Right after this we get a ton of "Previously on the Harry Potter Show" about lockets and caves and Death Eaters and stuff. Ron starts searching for the locket, but gets inky hands. Hermione has the genius idea of summoning the locket. Nothing happens, but it might have an enchantment on it so they search manually anyway. So what was the point? Anyway, they spend about an hour searching for this fucking locket, before remembering they had it way back in book 5 but threw it out. LAME! They look for a while longer, and the thought of that ancient dessert becomes ever more beguiling. No joy on the locket, so now Harry summons Kreacher to be interrogated. Naturally, Mundungus Fletcher took the locket. Boo! Hiss! Kreacher breaks down, confesses to having failed in his orders, and totally flips out. He starts frantically self-harming and crying; at the same time, due to the special brand of magic house-elves use, the Linkin Park song "In the end" starts playing. Harry orders Kreacher to STFU, because he does not have time to deal with this type of bullshit (the music stops with one of those comedy record scratching noises) and to explain. Exposition time!
The basic story is this:
- While Regulus was a Death Eater, Voldemort needed an elf; Regulus offered Kreacher's services.

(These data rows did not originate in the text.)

(* Let $\rho_0\in L^\infty$ be supported in $\overline{B_1}$ and let $\rho$ be the corresponding solution. If $\lim_{t\to\infty}\mathcal G(\rho(t,\cdot))=0$ for every accuracy parameter $\kappa\in(0,1)$, then $\rho(t,\cdot)\rightharpoonup0$ weakly in $L^2(B_1)$ as $t\to\infty$.
   Context: $B_1\subset\mathbb R^2$ open unit disk, $B_\varepsilon(x)$ open disk of radius $\varepsilon$ at $x$, polar coordinates $(r,\theta)$. Velocity $u(r,\theta)=2\pi r^2(\sin\theta,-\cos\theta)$; $\rho(t,\cdot)$ solves $\partial_t\rho+\operatorname{div}(u\rho)=0$, $\rho(0)=\rho_0$, explicitly $\rho(t,r,\theta)=\rho_0(r,\theta+2\pi tr)$, so $\|\rho(t)\|_{L^\infty}=\|\rho_0\|_{L^\infty}$. Geometric mixing scale with accuracy $\kappa$: for bounded $f$ supported in $\overline{B_1}$ (extended by zero), $\mathcal G(f)$ (depending on $\kappa$) is the infimum of $\varepsilon>0$ with $\big|\frac1{|B_\varepsilon|}\int_{B_\varepsilon(x)}f\big|\le\kappa\|f\|_{L^\infty(B_1)}$ for all $x\in\mathbb R^2$. *)

theory Defs
  imports "HOL-Analysis.Analysis"
begin

text \<open>We identify \<open>\<real>\<^sup>2\<close> with \<open>\<complex>\<close>; a point with polar coordinates (r, theta)
  is \<open>r * cis theta\<close>.  The explicit solution
  \<open>rho(t,r,theta) = rho0(r, theta + 2 pi t r)\<close> is then
  \<open>rho(t,x) = rho0(x * cis(2 pi t |x|))\<close>.\<close>

definition sol :: "(complex \<Rightarrow> real) \<Rightarrow> real \<Rightarrow> complex \<Rightarrow> real" where
  "sol rho0 t x = rho0 (x * cis (2 * pi * t * norm x))"

definition Linf_B1 :: "(complex \<Rightarrow> real) \<Rightarrow> real" where
  "Linf_B1 f = Inf {C. AE x in lborel. x \<in> ball 0 1 \<longrightarrow> \<bar>f x\<bar> \<le> C}"

text \<open>Geometric mixing scale with accuracy \<open>\<kappa>\<close>; \<open>f\<close> is extended by zero outside
  the closed unit disk.\<close>
definition mix_scale :: "real \<Rightarrow> (complex \<Rightarrow> real) \<Rightarrow> real" where
  "mix_scale \<kappa> f = Inf {\<epsilon>. \<epsilon> > 0 \<and> (\<forall>x. \<bar>(1 / measure lborel (ball x \<epsilon>)) *
       (LINT y:ball x \<epsilon>|lborel. indicator (cball 0 1) y * f y)\<bar> \<le> \<kappa> * Linf_B1 f)}"

end

theory Submission
  imports Defs
begin

text \<open>The flow rotates each circle \<open>|x| = r\<close> rigidly, so it maps null sets to null sets
  and \<open>\<rho>(t)\<close> stays bounded by the bound of \<open>\<rho>\<^sub>0\<close>. A small mixing scale at accuracy
  \<open>\<kappa>\<close> provides a small radius \<open>\<epsilon>\<close> at which every average of \<open>\<rho>(t)\<close> over an
  \<open>\<epsilon>\<close>-ball is at most \<open>\<kappa> \<parallel>\<rho>\<^sub>0\<parallel>\<^sub>\<infinity>\<close>. For a continuous test function \<open>h\<close>, Fubini
  writes \<open>|B\<^sub>\<epsilon>| \<integral> \<rho>(t) h\<close> as the integral over all centres \<open>x\<close> of the \<open>\<epsilon>\<close>-ball
  integrals of \<open>\<rho>(t) h\<close>; freezing \<open>h\<close> at \<open>x\<close> costs only the oscillation of \<open>h\<close> at
  scale \<open>\<epsilon>\<close>, and the frozen term is at most \<open>\<kappa> \<parallel>\<rho>\<^sub>0\<parallel>\<^sub>\<infinity> |B\<^sub>\<epsilon>| \<integral> |h|\<close>.
  Hence \<open>\<integral> \<rho>(t) h \<rightarrow> 0\<close>, and the case of \<open>g \<in> L\<^sup>2(B\<^sub>1) \<subseteq> L\<^sup>1(B\<^sub>1)\<close> follows
  because continuous functions are dense in \<open>L\<^sup>1\<close>.\<close>

lemma integrable_bounded_by_indicator:
  fixes g :: "'a \<Rightarrow> real"
  assumes "g \<in> borel_measurable M" "A \<in> sets M" "emeasure M A < \<infinity>"
    and "\<And>x. x \<in> space M \<Longrightarrow> \<bar>g x\<bar> \<le> B * indicator A x"
  shows "integrable M g"
proof (rule Bochner_Integration.integrable_bound)
  show "integrable M (\<lambda>x. B * indicator A x)"
    using assms by (intro integrable_mult_right integrable_real_indicator) auto
  show "AE x in M. norm (g x) \<le> norm (B * indicator A x)"
    using assms(4) by (intro AE_I2) (smt (verit) real_norm_def)
qed (use assms in auto)

lemma integrable_mult_continuous_compact_support:
  fixes F h :: "'a::euclidean_space \<Rightarrow> real"
  assumes F [measurable]: "F \<in> borel_measurable lborel"
    and F_bound: "\<And>y. \<bar>F y\<bar> \<le> M" and F_supp: "\<And>y. y \<notin> S \<Longrightarrow> F y = 0"
    and "compact S" and h: "continuous_on UNIV h"
  shows "integrable lborel (\<lambda>y. F y * h y)"
proof (rule Bochner_Integration.integrable_bound)
  show "integrable lborel (\<lambda>y. M * (indicator S y *\<^sub>R \<bar>h y\<bar>))"
    using assms(4) continuous_on_subset[OF h]
    by (intro integrable_mult_right borel_integrable_compact continuous_on_rabs) auto
  have "\<bar>F y * h y\<bar> \<le> M * (indicator S y * \<bar>h y\<bar>)" for y
    using F_bound[of y] F_supp[of y] by (cases "y \<in> S") (auto simp: abs_mult mult_right_mono)
  then show "AE y in lborel. norm (F y * h y) \<le> norm (M * (indicator S y *\<^sub>R \<bar>h y\<bar>))"
    by (intro AE_I2) (simp add: order_trans[OF _ abs_ge_self])
  show "(\<lambda>y. F y * h y) \<in> borel_measurable lborel"
    using borel_measurable_continuous_onI[OF h] by simp
qed

lemma abs_le_one_plus_square: "\<bar>a::real\<bar> \<le> 1 + a\<^sup>2"
  using zero_le_power2[of "\<bar>a\<bar> - 1"] by (simp add: power2_diff)

lemma integrable_indicator_mult_if_square_integrable:
  fixes g :: "'a::euclidean_space \<Rightarrow> real"
  assumes "g \<in> borel_measurable lborel" "set_integrable lborel A (\<lambda>x. (g x)\<^sup>2)"
    and "A \<in> sets lborel" "emeasure lborel A < \<infinity>"
  shows "integrable lborel (\<lambda>x. indicator A x * g x)"
proof (rule Bochner_Integration.integrable_bound)
  show "integrable lborel (\<lambda>x. indicator A x + indicator A x * (g x)\<^sup>2 :: real)"
    using assms(2-4) unfolding set_integrable_def by (intro Bochner_Integration.integrable_add) auto
  show "AE x in lborel. norm (indicator A x * g x) \<le> norm (indicator A x + indicator A x * (g x)\<^sup>2 :: real)"
    using abs_le_one_plus_square by (intro AE_I2) (auto simp: indicator_def)
qed (use assms(1,3) in simp)

lemma abs_integral_mult_le_approx:
  fixes F G h :: "'a \<Rightarrow> real"
  assumes [measurable]: "F \<in> borel_measurable M"
    and F_bound: "\<And>y. y \<in> space M \<Longrightarrow> \<bar>F y\<bar> \<le> B"
    and Fh: "integrable M (\<lambda>y. F y * h y)" and Gh: "integrable M (\<lambda>y. G y - h y)"
  shows "\<bar>\<integral>y. F y * G y \<partial>M\<bar> \<le> \<bar>\<integral>y. F y * h y \<partial>M\<bar> + B * (\<integral>y. \<bar>G y - h y\<bar> \<partial>M)"
proof -
  have [measurable]: "(\<lambda>y. G y - h y) \<in> borel_measurable M"
    using Gh by simp
  have bound: "\<bar>F y * (G y - h y)\<bar> \<le> B * \<bar>G y - h y\<bar>" if "y \<in> space M" for y
    using F_bound[OF that] by (simp add: abs_mult mult_right_mono)
  have FGh: "integrable M (\<lambda>y. F y * (G y - h y))"
  proof (rule Bochner_Integration.integrable_bound[where f="\<lambda>y. B * \<bar>G y - h y\<bar>"])
    show "integrable M (\<lambda>y. B * \<bar>G y - h y\<bar>)"
      using Gh by simp
    show "AE y in M. norm (F y * (G y - h y)) \<le> norm (B * \<bar>G y - h y\<bar>)"
    proof (rule AE_I2)
      fix y assume "y \<in> space M"
      with bound show "norm (F y * (G y - h y)) \<le> norm (B * \<bar>G y - h y\<bar>)"
        unfolding real_norm_def using abs_ge_self order_trans by blast
    qed
  qed simp
  have "(\<lambda>y. F y * G y) = (\<lambda>y. F y * h y + F y * (G y - h y))"
    by (simp add: algebra_simps)
  then have "\<bar>\<integral>y. F y * G y \<partial>M\<bar> = \<bar>(\<integral>y. F y * h y \<partial>M) + (\<integral>y. F y * (G y - h y) \<partial>M)\<bar>"
    using Fh FGh by simp
  moreover have "\<bar>\<integral>y. F y * (G y - h y) \<partial>M\<bar> \<le> (\<integral>y. \<bar>F y * (G y - h y)\<bar> \<partial>M)"
    using integral_norm_bound[of M "\<lambda>y. F y * (G y - h y)"] by simp
  moreover have "\<dots> \<le> (\<integral>y. B * \<bar>G y - h y\<bar> \<partial>M)"
    by (rule Bochner_Integration.integral_mono) (use FGh Gh bound in auto)
  moreover have "(\<integral>y. B * \<bar>G y - h y\<bar> \<partial>M) = B * (\<integral>y. \<bar>G y - h y\<bar> \<partial>M)"
    by simp
  ultimately show ?thesis
    using abs_triangle_ineq[of "\<integral>y. F y * h y \<partial>M" "\<integral>y. F y * (G y - h y) \<partial>M"] by linarith
qed

lemma tendsto_zero_if_eventually_abs_le_mult:
  fixes f :: "'a \<Rightarrow> real"
  assumes "\<And>e. 0 < e \<Longrightarrow> e < 1 \<Longrightarrow> eventually (\<lambda>t. \<bar>f t\<bar> \<le> C * e) F"
  shows "(f \<longlongrightarrow> 0) F"
proof (rule tendstoI)
  fix d :: real assume "0 < d"
  define e where "e = min (1 / 2) (d / (2 * (\<bar>C\<bar> + 1)))"
  have e: "0 < e" "e < 1"
    using \<open>0 < d\<close> by (auto simp: e_def)
  have "C * e \<le> (\<bar>C\<bar> + 1) * (d / (2 * (\<bar>C\<bar> + 1)))"
    using e by (intro mult_mono) (auto simp: e_def)
  also have "\<dots> < d"
    using \<open>0 < d\<close> by (simp add: field_simps add_pos_nonneg)
  finally have "C * e < d" .
  with assms[OF e] show "eventually (\<lambda>t. dist (f t) 0 < d) F"
    by (auto elim!: eventually_mono)
qed

section \<open>Density of continuous functions in L1\<close>

definition L1_limit_of_continuous :: "('a::euclidean_space \<Rightarrow> real) \<Rightarrow> bool" where
  "L1_limit_of_continuous g \<longleftrightarrow>
     (\<forall>e>0. \<exists>h. continuous_on UNIV h \<and> integrable lborel (\<lambda>x. g x - h x) \<and> (LINT x|lborel. \<bar>g x - h x\<bar>) < e)"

- Kreacher went to the horcrux cave with Voldemort and was forced to drink the potion, so that the real horcrux could be placed there. Kreacher was abandoned there, but escaped by disapparating, since Regulus's order to return, to a house-elf, outweighed the theoretical impossibility of disapparation and/or Voldemort hadn't thought to house-elf-proof the cave. Kreacher reported back to Regulus.
- Some time later, Regulus asked Kreacher to take him to the cave. This time, Regulus drank the potion, and he died. Under his orders, though, Kreacher replaced the real horcrux with the fake one and escaped.
- Regulus had also ordered Kreacher to destroy the locket, but he was unable to do so. It stayed in the house until recently.
That's the bare bones of it, but it takes about a year to get through the story due to the sheer number of "Previously on the Harry Potter Show" moments, descriptions of Kreacher's appearance and the fact that he keeps bursting into tears and self-harming and that it's pitiful, bits where Hermione goes on about house-elf enslavement/magic/psychology, and a rather awkward bit where Hermione tries to hug Kreacher.
Eventually, Harry gives Kreacher a task: pls to find Mundungus Fletcher and bring him to the house kthxbai. To try and make things a bit less awkward between them, Harry also gives Kreacher Regulus's fake horcrux locket, which causes Kreacher to have a nervous breakdown/tantrum; it takes fucking ages to calm him down. And that's it.
Meh, this chapter is OK, and I liked the MWPP photo and the letter because I generally like Marauder-era backstory and things related to them. I'm very aware that if JKR wrote a backstory it would be probably quite dull and nonsensical, but because she hasn't properly, these characters still have the potential to be quite complex and interesting. Still, though, this is only OK. I can't think of anything else to say about it - whether to snark or to fangirl, it doesn't matter. And there wasn't a single opportunity to quote from Star Wars, insert a video, or throw gratuitous macros around. Meh and meh again.